EXERCISE => In this material, which lines include the string "mkey"? Show them.

PROVIDED RECORDS =>
◆ ◆ ◆ ◆ ◆

(* Let $\mathbb{F}=\mathbb{F}_{q^m}$, let $k\ge 1$, and let $(x_1,y_1),\dots,(x_r,y_r)\in\mathbb{F}\times\mathbb{F}$ be linearly independent over $\mathbb{F}_q$. Run the following procedure. Initialize $f_0(x,y)=x$, $f_1(x,y)=y$. For $i=1,\dots,r$: set $\Delta_0=f_0(x_i,y_i)$, $\Delta_1=f_1(x_i,y_i)$; if $\Delta_0=0$, replace $f_1$ by $f_1^q-\Delta_1^{q-1}f_1$; else if $\Delta_1=0$, replace $f_0$ by $f_0^q-\Delta_0^{q-1}f_0$; else, if $\deg_{1,k-1}(f_0)\le\deg_{1,k-1}(f_1)$, simultaneously replace $f_1$ by $\Delta_1 f_0-\Delta_0 f_1$ and $f_0$ by $f_0^q-\Delta_0^{q-1}f_0$; otherwise simultaneously replace $f_0$ by $\Delta_1 f_0-\Delta_0 f_1$ and $f_1$ by $f_1^q-\Delta_1^{q-1}f_1$ (in each simultaneous update, the right-hand sides use the values of $f_0,f_1$ before the update). Then the final polynomials $f_0$ and $f_1$ are, respectively, $x$-minimal and $y$-minimal with respect to the set $\{(x_i,y_i)\}_{i=1}^r$.
   Context: A bivariate linearized polynomial over $\mathbb{F}$ is $f(x,y)=f_x(x)+f_y(y)$ with $f_x(x)=\sum_i a_i x^{q^i}$, $f_y(y)=\sum_j b_j y^{q^j}$, $a_i,b_j\in\mathbb{F}$; its monomials are $x^{[i]}=x^{q^i}$ and $y^{[j]}=y^{q^j}$. $f^q$ denotes $(f(x,y))^q$, again a bivariate linearized polynomial. If $f_x\not\equiv0$ has degree $q^{d_x(f)}$ and $f_y\not\equiv0$ has degree $q^{d_y(f)}$, the $(1,k-1)$-weighted degree is $\deg_{1,k-1}(f)=\max\{d_x(f),k-1+d_y(f)\}$ (omitting a term whose part is identically zero). Monomials are totally ordered by weight, where $x^{[i]}$ has weight $i$ and $y^{[j]}$ has weight $k-1+j$, with ties broken by declaring $x^{[i]}$ smaller than $y^{[j]}$ when their weights are equal. The leading term $\mathrm{lt}(f)$ of a nonzero $f$ is its largest monomial (with nonzero coefficient) in this order. A nonzero bivariate linearized polynomial $f$ is $x$-minimal with respect to a finite set of points $P\subset\mathbb{F}\times\mathbb{F}$ if $f$ vanishes at all points of $P$, $\mathrm{lt}(f)$ is of the form $x^{[d]}$, and no nonzero bivariate linearized polynomial $g$ vanishing on $P$ with $\mathrm{lt}(g)$ of the form $x^{[e]}$ has $\mathrm{lt}(g)$ strictly smaller than $\mathrm{lt}(f)$. $y$-minimal is defined identically with leading terms of the form $y^{[j]}$. *)

theory Defs
  imports "HOL-Computational_Algebra.Computational_Algebra"
begin

text \<open>A linearized polynomial sum a_i X^(q^i) is represented by the ordinary
polynomial whose i-th coefficient is a_i.  A bivariate linearized polynomial
f_x(x) + f_y(y) is represented by the pair (f_x, f_y).\<close>

type_synonym 'a blin = "'a poly \<times> 'a poly"

definition eval_lin :: "nat \<Rightarrow> 'a::field poly \<Rightarrow> 'a \<Rightarrow> 'a" where
  "eval_lin q p a = (\<Sum>i\<le>degree p. coeff p i * a ^ (q ^ i))"

definition eval_blin :: "nat \<Rightarrow> 'a::field blin \<Rightarrow> 'a \<times> 'a \<Rightarrow> 'a" where
  "eval_blin q f P = eval_lin q (fst f) (fst P) + eval_lin q (snd f) (snd P)"

text \<open>q-th power of a linearized polynomial: coefficient a_i of X^[i]
becomes a_i^q at X^[i+1].\<close>
definition frob_lin :: "nat \<Rightarrow> 'a::field poly \<Rightarrow> 'a poly" where
  "frob_lin q p = pCons 0 (map_poly (\<lambda>a. a ^ q) p)"

definition frob_blin :: "nat \<Rightarrow> 'a::field blin \<Rightarrow> 'a blin" where
  "frob_blin q f = (frob_lin q (fst f), frob_lin q (snd f))"

definition scale_blin :: "'a::field \<Rightarrow> 'a blin \<Rightarrow> 'a blin" where
  "scale_blin c f = (smult c (fst f), smult c (snd f))"

definition sub_blin :: "'a::field blin \<Rightarrow> 'a blin \<Rightarrow> 'a blin" where
  "sub_blin f g = (fst f - fst g, snd f - snd g)"

definition zero_blin :: "'a::field blin" where
  "zero_blin = (0, 0)"

text \<open>(1,k-1)-weighted degree, omitting a part that is identically zero.\<close>
definition degw :: "nat \<Rightarrow> 'a::field blin \<Rightarrow> nat" where
  "degw k f = max (if fst f = 0 then 0 else degree (fst f))
                  (if snd f = 0 then 0 else k - 1 + degree (snd f))"

datatype monomial = MX nat | MY nat

text \<open>Monomial order: by weight, ties broken with x-monomials smaller.
Encoded injectively as 2*weight + tag.\<close>
fun mkey :: "nat \<Rightarrow> monomial \<Rightarrow> nat" where
  "mkey k (MX i) = 2 * i"
| "mkey k (MY j) = 2 * (k - 1 + j) + 1"

definition msupp :: "'a::field blin \<Rightarrow> monomial set" where
  "msupp f = {MX i | i. coeff (fst f) i \<noteq> 0} \<union> {MY j | j. coeff (snd f) j \<noteq> 0}"

definition lt :: "nat \<Rightarrow> 'a::field blin \<Rightarrow> monomial" where
  "lt k f = (THE m. m \<in> msupp f \<and> (\<forall>m'\<in>msupp f. mkey k m' \<le> mkey k m))"

definition vanishes_on :: "nat \<Rightarrow> 'a::field blin \<Rightarrow> ('a \<times> 'a) set \<Rightarrow> bool" where
  "vanishes_on q f P \<longleftrightarrow> (\<forall>p\<in>P. eval_blin q f p = 0)"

◆ ◆ ◆ ◆ ◆

RESPONSE TO THIS EXERCISE =>
fun mkey :: "nat \<Rightarrow> monomial \<Rightarrow> nat" where
  "mkey k (MX i) = 2 * i"
| "mkey k (MY j) = 2 * (k - 1 + j) + 1"
  "lt k f = (THE m. m \<in> msupp f \<and> (\<forall>m'\<in>msupp f. mkey k m' \<le> mkey k m))"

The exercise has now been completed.